NOT FOR PUBLICATION IN WEST'S HAWAI‘I REPORTS AND PACIFIC REPORTER



NO. 29209





IN THE INTERMEDIATE COURT OF APPEALS

OF THE STATE OF HAWAI‘I





DON WILLIAMS, Petitioner-Appellant,

v.

STATE OF HAWAI‘I, DEPARTMENT OF LAND AND NATURAL RESOURCES,
Respondent-Appellee.




APPEAL FROM THE CIRCUIT COURT OF THE SECOND CIRCUIT
(S.P. NO. 07-1-0061(1))




ORDER DISMISSING APPEAL FOR LACK OF APPELLATE JURISDICTION
(By: Foley, Presiding Judge, Fujise and Leonard, JJ.)

Upon review of Petitioner-Appellant Don Williams's (Appellant Williams) appeal from the Honorable Joel E. August's June 5, 2008 "Order Granting, in Part, Respondent State of Hawaii's Application: (i) to Compel Arbitration; (ii) to Impose Sanctions Against Petitioner for Any Further Delay in the Start of Arbitration Proceedings; and (iii) for Award of Costs and Attorney's Fees against Petitioner" (the June 5, 2008 order compelling arbitration), it appears that we lack appellate jurisdiction over this case because the June 5, 2008 order compelling arbitration is not an independently appealable order.

Hawaii Revised Statutes (HRS) § 658A-28(a)(1) authorizes an appeal from an order denying a motion to compel arbitration, but HRS § 658A-28 does not authorize an appeal from an order granting a motion to compel arbitration.

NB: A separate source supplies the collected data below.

lemma bin_rank_bounds:
  assumes "w \<noteq> []"
  shows "bin_rank w \<in> {2 ^ length w - 1 .. 2 ^ Suc (length w) - 2}"
proof -
  have "lex_below w \<subseteq> {w'. length w' = length w} - {w}"
    by (auto simp: lex_below_def lex_lt_irrefl)
  then have "card (lex_below w) \<le> 2 ^ length w - 1"
    using card_mono[OF _ \<open>lex_below w \<subseteq> _\<close>] card_lists_length_eq[of "UNIV :: bool set" "length w"]
      finite_lists_length_eq[of "UNIV :: bool set" "length w"]
    by (simp add: card_Diff_singleton)
  moreover have "1 \<le> (2::nat) ^ length w"
    by simp
  ultimately show ?thesis
    using bin_rank_eq[OF assms] by auto
qed

lemma bin_rank_less_length:
  assumes "w \<noteq> []" "length w < length w'"
  shows "bin_rank w < bin_rank w'"
proof -
  have "(2::nat) ^ Suc (length w) \<le> 2 ^ length w'"
    using assms(2) by (intro power_increasing) auto
  moreover have "(2::nat) \<le> 2 ^ Suc (length w)"
    by simp
  moreover have "w' \<noteq> []"
    using assms(2) by auto
  then have "bin_rank w \<le> 2 ^ Suc (length w) - 2" "2 ^ length w' - 1 \<le> bin_rank w'"
    using bin_rank_bounds[of w] bin_rank_bounds[of w'] assms(1) by simp_all
  ultimately show ?thesis
    by linarith
qed

lemma bin_rank_less_lex:
  assumes "w \<noteq> []" "lex_lt bit_idx w w'"
  shows "bin_rank w < bin_rank w'"
proof -
  have len: "length w = length w'"
    using assms(2) by (simp add: lex_lt_def)
  have "lex_below w \<subset> lex_below w'"
    using assms(2) len lex_lt_trans[of bit_idx _ w w'] lex_lt_irrefl[of bit_idx w]
    by (auto simp: lex_below_def)
  then have "card (lex_below w) < card (lex_below w')"
    by (simp add: finite_lex_below psubset_card_mono)
  moreover have "w' \<noteq> []"
    using assms len by auto
  then have "bin_rank w' = 2 ^ length w - 1 + card (lex_below w')"
    using len by (simp add: bin_rank_eq)
  moreover have "bin_rank w = 2 ^ length w - 1 + card (lex_below w)"
    using assms(1) by (rule bin_rank_eq)
  ultimately show ?thesis
    by linarith
qed
lemma sublinear_zero: "sublinear p \<Longrightarrow> p 0 = 0"
  using sublinear_scaleR[of p 0 0] by simp

lemma sublinear_neg_le: "sublinear p \<Longrightarrow> - p (- x) \<le> p x"
  using sublinear_add[of p x "- x"] sublinear_zero[of p] by simp

lemma sublinearI:
  assumes add: "\<And>x y. p (x + y) \<le> p x + p y"
    and scale: "\<And>c x. 0 < c \<Longrightarrow> p (c *\<^sub>R x) \<le> c * p x"
    and zero: "p 0 \<le> 0"
  shows "sublinear p"
proof -
  have "p (c *\<^sub>R x) = c * p x" if c: "0 < c" for c x
  proof (rule antisym)
    show "p (c *\<^sub>R x) \<le> c * p x" using scale[OF c] .
    have "p x \<le> inverse c * p (c *\<^sub>R x)"
      using scale[of "inverse c" "c *\<^sub>R x"] c by simp
    then show "c * p x \<le> p (c *\<^sub>R x)"
      using c by (simp add: field_simps)
  qed
  moreover have "p 0 = 0"
    using add[of 0 0] zero by simp
  ultimately show ?thesis
    unfolding sublinear_def using add by (metis order_le_less scaleR_zero_left mult_zero_left)
qed

lemma sublinear_INF_chain:
  fixes Q :: "('v::real_vector \<Rightarrow> real) set"
  assumes "Q \<noteq> {}"
    and sublinear: "\<And>q. q \<in> Q \<Longrightarrow> sublinear q"
    and chain: "\<And>q q'. q \<in> Q \<Longrightarrow> q' \<in> Q \<Longrightarrow> q \<le> q' \<or> q' \<le> q"
    and bdd: "\<And>x. bdd_below ((\<lambda>q. q x) ` Q)"
  shows "sublinear (\<lambda>x. INF q\<in>Q. q x)" (is "sublinear ?u")
proof (rule sublinearI)
  have lower: "?u x \<le> q x" if "q \<in> Q" for q x
    using that bdd by (intro cINF_lower)
  have greatest: "b \<le> ?u x" if "\<And>q. q \<in> Q \<Longrightarrow> b \<le> q x" for b x
    using that \<open>Q \<noteq> {}\<close> by (intro cINF_greatest)
  show "?u (x + y) \<le> ?u x + ?u y" for x y
  proof -
    have "?u (x + y) - q' y \<le> q x" if qq': "q \<in> Q" "q' \<in> Q" for q q'
    proof -
      \<comment> \<open>Both values are bounded by the smaller of the two functionals, which is subadditive.\<close>
      obtain q'' where "q'' \<in> Q" "q'' \<le> q" "q'' \<le> q'"
        using chain[OF qq'] qq' by auto
      then show ?thesis
        using lower[of q'' "x + y"] sublinear_add[OF sublinear, of q'' x y]
          le_funD[of q'' q x] le_funD[of q'' q' y] by linarith
    qed
    then have "?u (x + y) - q' y \<le> ?u x" if "q' \<in> Q" for q'
      using that by (intro greatest) auto
    then have "?u (x + y) - ?u x \<le> ?u y"
      by (intro greatest) (auto simp: algebra_simps)
    then show ?thesis by simp
  qed
  show "?u (c *\<^sub>R x) \<le> c * ?u x" if "0 < c" for c x
  proof -
    have "?u (c *\<^sub>R x) / c \<le> ?u x"
      using that lower sublinear_scaleR[OF sublinear]
      by (intro greatest) (simp add: field_simps)
    then show ?thesis using that by (simp add: field_simps)
  qed
  obtain q where "q \<in> Q" using \<open>Q \<noteq> {}\<close> by blast
  then show "?u 0 \<le> 0"
    using lower[of q 0] sublinear_zero[OF sublinear[of q]] by simp
qed

lemma sublinear_SUP_linear:
  assumes "I \<noteq> {}"
    and linear: "\<And>i. i \<in> I \<Longrightarrow> linear (g i)"
    and bdd: "\<And>x. bdd_above ((\<lambda>i. g i x) ` I)"
  shows "sublinear (\<lambda>x. SUP i\<in>I. g i x)" (is "sublinear ?s")
proof (rule sublinearI)
  have upper: "g i x \<le> ?s x" if "i \<in> I" for i x
    using that bdd by (intro cSUP_upper)
  show "?s (x + y) \<le> ?s x + ?s y" for x y
  proof (rule cSUP_least)
    fix i assume "i \<in> I"
    then show "g i (x + y) \<le> ?s x + ?s y"
      using upper linear_add[OF linear] by (simp add: add_mono)
  qed (use \<open>I \<noteq> {}\<close> in simp)
  show "?s (c *\<^sub>R x) \<le> c * ?s x" if "0 < c" for c x
  proof (rule cSUP_least)
    fix i assume "i \<in> I"
    then show "g i (c *\<^sub>R x) \<le> c * ?s x"
      using upper linear_scale[OF linear] that by simp
  qed (use \<open>I \<noteq> {}\<close> in simp)
  show "?s 0 \<le> 0"
    using \<open>I \<noteq> {}\<close> linear_0[OF linear] by (intro cSUP_least) auto
qed

definition sublinear_shift :: "('v::real_vector \<Rightarrow> real) \<Rightarrow> 'v \<Rightarrow> 'v \<Rightarrow> real" where
  "sublinear_shift q y x = (INF t\<in>{0..}. q (x + t *\<^sub>R y) - t * q y)"
(* Let $X$ be a finite set, $H$ a Hilbert space, and $E=(E_{x,x',a,a'})_{x,x',a,a'\in X}\in M_X\otimes M_X\otimes\mathcal B(H)$ a stochastic operator matrix. Then there exist a Hilbert space $K$, an isometry $W:H\to K$ and a block operator unitary $U=(U_{a,x})_{a,x\in X}\in M_X\otimes\mathcal B(K)$ such that $E_{x,x',a,a'}=W^*U_{a,x}^*U_{a',x'}W$ for all $x,x',a,a'\in X$.
   Context: A stochastic operator matrix over $(X,X)$ acting on $H$ is a positive block operator matrix $E=(E_{x,x',a,a'})$, with $E_{x,x',a,a'}\in\mathcal B(H)$, viewed in $M_X\otimes M_X\otimes\mathcal B(H)$ (first $M_X$ indexed by $x,x'$, second by $a,a'$), such that $\sum_{a\in X}E_{x,x',a,a}=\delta_{x,x'}I_H$ for all $x,x'\in X$. A block operator unitary $(U_{a,x})$ is a unitary operator on $K^X=\oplus_{x\in X}K$ written in block form. *)

theory Defs
  imports "HOL-Analysis.Analysis"
begin

text \<open>HOL-Analysis has no complex inner product spaces, so we introduce the standard
  notion. Convention: the inner product is conjugate-linear in the first argument.\<close>

class complex_inner = real_normed_vector +
  fixes scaleC :: "complex \<Rightarrow> 'a \<Rightarrow> 'a"
    and cinner :: "'a \<Rightarrow> 'a \<Rightarrow> complex"
  assumes scaleC_add_right: "scaleC c (x + y) = scaleC c x + scaleC c y"
    and scaleC_add_left: "scaleC (c + d) x = scaleC c x + scaleC d x"
    and scaleC_scaleC: "scaleC c (scaleC d x) = scaleC (c * d) x"
    and scaleC_one: "scaleC 1 x = x"
    and scaleR_scaleC: "scaleR r x = scaleC (complex_of_real r) x"
    and cinner_conj: "cinner x y = cnj (cinner y x)"
    and cinner_add_right: "cinner x (y + z) = cinner x y + cinner x z"
    and cinner_scaleC_right: "cinner x (scaleC c y) = c * cinner x y"
    and cinner_Re_nonneg: "0 \<le> Re (cinner x x)"
    and norm_cinner: "norm x = sqrt (Re (cinner x x))"
lemma zeta_kron_vec:
  fixes m :: nat and v b :: cvec
  defines "a \<equiv> kron_vec (2 ^ m) v b" and "s \<equiv> zeta (2 * m + 1) (2 * m + 1) b"
  shows "zeta (2 * m + 3) 1 a = (v 0 * cnj (v 0) - v 1 * cnj (v 1)) * s"
    and "zeta (2 * m + 3) 2 a = (v 0 * cnj (v 1) + v 1 * cnj (v 0)) * s"
    and "zeta (2 * m + 3) (2 * m + 3) a = \<i> * (v 0 * cnj (v 1) - v 1 * cnj (v 0)) * s"
    and "1 \<le> j \<Longrightarrow> j \<le> 2 * m \<Longrightarrow>
           zeta (2 * m + 3) (j + 2) a = (v 0 * cnj (v 0) + v 1 * cnj (v 1)) * zeta (2 * m + 1) j b"
proof -
  have dim: "(2::nat) ^ ((2 * m + 3) div 2) = 2 * 2 ^ m" "(2 * m + 1) div 2 = m"
    by (simp_all add: numeral_3_eq_3)
  have kron: "qform (2 * 2 ^ m) (kron (2 ^ m) A B) a = qform 2 A v * qform (2 ^ m) B b" for A B
    unfolding a_def by (simp add: qform_kron)
  have s: "s = - qform (2 ^ m) (T_power m) b"
    unfolding s_def zeta_eq_qform dim cliff_odd_last qform_scale by simp
  show "zeta (2 * m + 3) 1 a = (v 0 * cnj (v 0) - v 1 * cnj (v 1)) * s"
    unfolding zeta_eq_qform dim cliff_Suc_1 kron qform_2 s
    by (simp add: complex_i_mult_minus mult.assoc)
  show "zeta (2 * m + 3) 2 a = (v 0 * cnj (v 1) + v 1 * cnj (v 0)) * s"
    unfolding zeta_eq_qform dim cliff_Suc_2 kron qform_2 s
    by (simp add: complex_i_mult_minus mult.assoc)
  show "zeta (2 * m + 3) (2 * m + 3) a = \<i> * (v 0 * cnj (v 1) - v 1 * cnj (v 0)) * s"
    unfolding zeta_eq_qform dim cliff_Suc_last qform_scale kron qform_2 s
    by (simp add: complex_i_mult_minus mult.assoc)
  show "zeta (2 * m + 3) (j + 2) a = (v 0 * cnj (v 0) + v 1 * cnj (v 1)) * zeta (2 * m + 1) j b"
    if "1 \<le> j" "j \<le> 2 * m"
    unfolding zeta_eq_qform dim cliff_Suc_shift[OF that] kron qform_2 by simp
qed
lemma connected_in_insert_iff:
  assumes "c \<notin> W" "\<not> adj c c" "\<And>x. adj x c \<longleftrightarrow> adj c x"
    and clique: "\<And>z y. z \<in> W \<Longrightarrow> y \<in> W \<Longrightarrow> adj z c \<Longrightarrow> adj c y \<Longrightarrow> z \<noteq> y \<Longrightarrow> adj z y"
  shows "connected_in adj (insert c W) \<longleftrightarrow> W = {} \<or> (connected_in adj W \<and> (\<exists>x\<in>W. adj c x))"
proof
  assume conn: "connected_in adj (insert c W)"
  show "W = {} \<or> (connected_in adj W \<and> (\<exists>x\<in>W. adj c x))"
  proof (cases "W = {}")
    case False
    then obtain a where "a \<in> W" by blast
    then show ?thesis
      using connected_in_remove[OF conn assms(1) clique]
        connected_in_insert_has_neighbour[OF conn _ assms(1,2)] by simp
  qed simp
next
  assume "W = {} \<or> (connected_in adj W \<and> (\<exists>x\<in>W. adj c x))"
  then show "connected_in adj (insert c W)"
  proof
    assume "W = {}"
    then show ?thesis by (simp add: connected_in_def)
  next
    assume "connected_in adj W \<and> (\<exists>x\<in>W. adj c x)"
    then obtain x where "connected_in adj W" "x \<in> W" "adj c x" by blast
    then show ?thesis using connected_in_insert[of adj W x c] assms(3)[of x] by simp
  qed
qed

lemma finite_bool_funs_vanishing_outside:
  assumes "finite A"
  shows "finite {f :: 'a \<Rightarrow> bool. \<forall>x. x \<notin> A \<longrightarrow> \<not> f x}"
proof (rule finite_subset)
  show "{f. \<forall>x. x \<notin> A \<longrightarrow> \<not> f x} \<subseteq> (\<lambda>S x. x \<in> S) ` Pow A"
  proof
    fix f assume "f \<in> {f. \<forall>x. x \<notin> A \<longrightarrow> \<not> f x}"
    then show "f \<in> (\<lambda>S x. x \<in> S) ` Pow A"
      by (intro image_eqI[where x = "{x \<in> A. f x}"]) auto
  qed
qed (use assms in simp)

definition mob_to_grid :: "nat \<Rightarrow> nat \<Rightarrow> nat \<times> nat" where
  "mob_to_grid k j = (if j \<le> k then (1, j) else (2, 2*k + 2 - j))"

definition grid_to_mob :: "nat \<Rightarrow> nat \<times> nat \<Rightarrow> nat" where
  "grid_to_mob k p = (if fst p = 1 then snd p else 2*k + 2 - snd p)"

lemma red_contr:
  "red k (contr k c) = (\<lambda>(r, j). if j \<in> {1..k} then
     (if r = 1 then c j else if r = 2 then c (2*k + 2 - j) else False) else False)"
  by (rule ext) (auto simp: red_def contr_def Suc_diff_le)

lemma red_contr_in_grid_colourings: "red k (contr k c) \<in> grid_colourings k"
  by (auto simp: red_contr grid_colourings_def)

lemma grid_water_red_contr:
  "grid_water k (red k (contr k c)) = mob_to_grid k ` (mob_water (2*k + 1) c - {k + 1})"
proof (intro equalityI subsetI)
  fix p assume "p \<in> grid_water k (red k (contr k c))"
  then show "p \<in> mob_to_grid k ` (mob_water (2*k + 1) c - {k + 1})"
    by (intro image_eqI[where x = "grid_to_mob k p"])
      (auto simp: red_contr grid_water_def mob_water_def mob_to_grid_def grid_to_mob_def)
qed (auto simp: red_contr grid_water_def mob_water_def mob_to_grid_def)

lemma mob_water_minus_centre:
  "mob_water (2*k + 1) c - {k + 1} = grid_to_mob k ` grid_water k (red k (contr k c))"
proof -
  have "grid_to_mob k (mob_to_grid k j) = j" if "j \<in> mob_water (2*k + 1) c - {k + 1}" for j
    using that by (auto simp: mob_water_def grid_to_mob_def mob_to_grid_def)
  then show ?thesis
    unfolding grid_water_red_contr image_image by simp
qed
lemma grid7_admissible_columns_exist:
  assumes "7 \<le> n"
  obtains cs where "\<forall>c\<in>set cs. length c = 7" "length cs = n"
    "successively3 admissible_column (replicate 7 False # cs @ [replicate 7 False])"
    "(\<Sum>c\<leftarrow>cs. count_list c True) = (5 * n + 3) div 3"
proof -
  define r where "r = (n - 7) mod 6"
  define k where "k = (n - 7) div 6"
  let ?P = "block @ [seam_left, seam_right]"
  let ?cs = "prefixes ! r @ seam_left # seam_right # concat (replicate k ?P) @ suffixes ! r"
  have n: "n = 7 + r + 6 * k" and "r < 6"
    using assms by (simp_all add: r_def k_def)
  then have base: "successively3 admissible_column
      (replicate 7 False # prefixes ! r @ seam_left # seam_right # suffixes ! r @ [replicate 7 False])"
    "\<forall>c\<in>set (prefixes ! r @ suffixes ! r). length c = 7"
    "length (prefixes ! r) + length (suffixes ! r) = 5 + r"
    "(\<Sum>c\<leftarrow>prefixes ! r @ seam_left # seam_right # suffixes ! r. count_list c True) = (5 * (7 + r) + 3) div 3"
    using base_patterns_admissible by auto
  have "length (concat (replicate k ?P)) = 6 * k"
    by (induction k) (simp_all add: block_def)
  moreover have "(\<Sum>c\<leftarrow>concat (replicate k ?P). count_list c True) = 10 * k"
    using block_admissible by (induction k) simp_all
  moreover have "set (concat (replicate k ?P)) \<subseteq> set ?P"
    by auto
  moreover have "(5 * (7 + r) + 3) div 3 + 10 * k = (5 * n + 3) div 3"
    unfolding n by simp
  ultimately show ?thesis
  proof (intro that[of ?cs])
    show "successively3 admissible_column (replicate 7 False # ?cs @ [replicate 7 False])"
      using successively3_pump[of admissible_column "replicate 7 False # prefixes ! r",
          OF _ conjunct1[OF block_admissible]] base(1)
      by simp
  qed (use base(2-4) block_admissible n in auto)
qed

theorem mainTheorem8:
  fixes n :: nat
  assumes "n \<ge> 7"
  shows "(\<exists>S. indep_12_set (grid_vertices 7 n) (grid_adj 7 n) S) \<and>
         indep_12_number (grid_vertices 7 n) (grid_adj 7 n) = (5 * n + 3) div 3"
proof -
  obtain cs where cs: "\<forall>c\<in>set cs. length c = 7" "length cs = n"
    "successively3 admissible_column (replicate 7 False # cs @ [replicate 7 False])"
    "(\<Sum>c\<leftarrow>cs. count_list c True) = (5 * n + 3) div 3"
    using grid7_admissible_columns_exist assms by blast
  have "indep_12_set (grid_vertices 7 n) (grid_adj 7 n) (cells 7 cs)"
    using indep_12_set_cells_iff[OF cs(1)] cs(2,3) by simp
  moreover have "card (cells 7 cs) = (5 * n + 3) div 3"
    using card_cells[OF cs(1)] cs(4) by simp
  moreover have "(5 * n + 3) div 3 \<le> card S" if "indep_12_set (grid_vertices 7 n) (grid_adj 7 n) S" for S
    using indep_12_set_grid7_card_ge[OF that] assms by simp
  ultimately show ?thesis
    using indep_12_number_eqI by blast
qed
lemma identifies_in_limit_error_tendsto_zero:
  assumes alg: "online_rand_alg M A" and "identifies_in_limit M A L"
    and "K \<in> range L" and "is_enumeration s K"
  shows "(\<lambda>T. measure M {\<omega> \<in> space M. L (A (prefix_of s T) \<omega>) \<noteq> K}) \<longlonglongrightarrow> 0"
proof -
  interpret prob_space M
    using alg by (simp add: online_rand_alg_def)
  define G where "G T = {\<omega> \<in> space M. L (A (prefix_of s T) \<omega>) \<noteq> K}" for T
  have G: "G T \<in> sets M" for T
    unfolding G_def using alg by (rule measurable_output_event)
  have "AE \<omega> in M. \<exists>n0. \<forall>n\<ge>n0. L (A (prefix_of s n) \<omega>) = K"
    using assms(2-4) unfolding identifies_in_limit_def by (fast elim: AE_mp)
  then have lim: "AE \<omega> in M. (\<lambda>T. indicator (G T) \<omega> :: real) \<longlonglongrightarrow> 0"
  proof (rule AE_mp, intro AE_I2 impI)
    fix \<omega> assume "\<exists>n0. \<forall>n\<ge>n0. L (A (prefix_of s n) \<omega>) = K"
    then obtain n0 where "\<forall>n\<ge>n0. L (A (prefix_of s n) \<omega>) = K" ..
    then have "eventually (\<lambda>T. indicator (G T) \<omega> = (0::real)) sequentially"
      by (auto simp: eventually_sequentially G_def intro!: exI[of _ n0])
    then show "(\<lambda>T. indicator (G T) \<omega> :: real) \<longlonglongrightarrow> 0"
      by (rule tendsto_eventually)
  qed
  have "(\<lambda>T. integral\<^sup>L M (indicator (G T) :: 'a \<Rightarrow> real)) \<longlonglongrightarrow> integral\<^sup>L M (\<lambda>_. 0)"
    by (rule integral_dominated_convergence[where w = "\<lambda>_. 1", OF _ _ _ lim])
      (use G in \<open>auto simp: indicator_def\<close>)
  then show ?thesis
    using G by (simp add: G_def[symmetric])
qed
theorem proposition2:
  fixes c1 c2 :: real
  assumes "c1 < 0" and "c2 > 0"
  shows "\<exists>(V1 :: nat set) E1 e1 (V2 :: nat set) E2 e2.
           connected_graph V1 E1 \<and> non_cut_edge V1 E1 e1 \<and>
           connected_graph V2 E2 \<and> non_cut_edge V2 E2 e2 \<and>
           real_of_int (zc_spread V1 E1 e1) < c1 \<and>
           real_of_int (zc_spread V2 E2 e2) > c2"
proof -
  define L where "L = nat \<lceil>max c2 (- c1)\<rceil> + 1"
  have L: "1 \<le> L" "c2 < real L" "- real L < c1" unfolding L_def by linarith+
  have "real_of_int (zc_spread (broom_vertices L) (broom_cycle L) {L+2, L+3}) < c1"
    using zc_spread_broom_cycle_le[OF L(1)] L(3) by linarith
  moreover have "c2 < real_of_int (zc_spread (broom_vertices L) (broom_triangle L) {0, L+2})"
    using zc_spread_broom_triangle_ge[OF L(1)] L(2) by linarith
  moreover have "connected_graph (broom_vertices L) (broom_cycle L)"
    "connected_graph (broom_vertices L) (broom_triangle L)"
    using connected_graph_broom[OF broom_subsets(3) order_refl]
      connected_graph_broom[OF broom_subsets(1,2)] .
  ultimately show ?thesis
    using non_cut_edge_broom_cycle non_cut_edge_broom_triangle by blast
qed

end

Therefore, HRS § 658A-28 (Supp. 2007) does not authorize Appellant Williams's appeal from the June 5, 2008 order compelling arbitration.

HRS § 641-1(a) (1993 & Supp. 2007) authorizes appeals to the intermediate court of appeals only from "final judgments, orders, or decrees[.]" (Emphasis added). Appeals under HRS § 641-1 "shall be taken in the manner . . . provided by the rules of the court." HRS § 641-1(c) (1993 & Supp. 2007). Rule 58 of the Hawai‘i Rules of Civil Procedure (HRCP) requires that "[e]very judgment shall be set forth on a separate document." The Supreme Court of Hawai‘i has held that "[a]n appeal may be taken . . . only after the orders have been reduced to a judgment and the judgment has been entered in favor of and against the appropriate parties pursuant to HRCP [Rule] 58[.]" Jenkins v. Cades Schutte Fleming & Wright, 76 Hawai‘i 115, 119, 869 P.2d 1334, 1338 (1994). "An appeal from an order that is not reduced to a judgment in favor or against the party by the time the record is filed in the supreme court will be dismissed." Id. at 120, 869 P.2d at 1339 (footnote omitted). The circuit court has not yet entered a final judgment that resolves all of the claims in this case. Therefore, absent an exception to the general rule requiring a final judgment for an appeal, Appellant Williams's appeal from the June 5, 2008 order compelling arbitration is premature, and we lack appellate jurisdiction.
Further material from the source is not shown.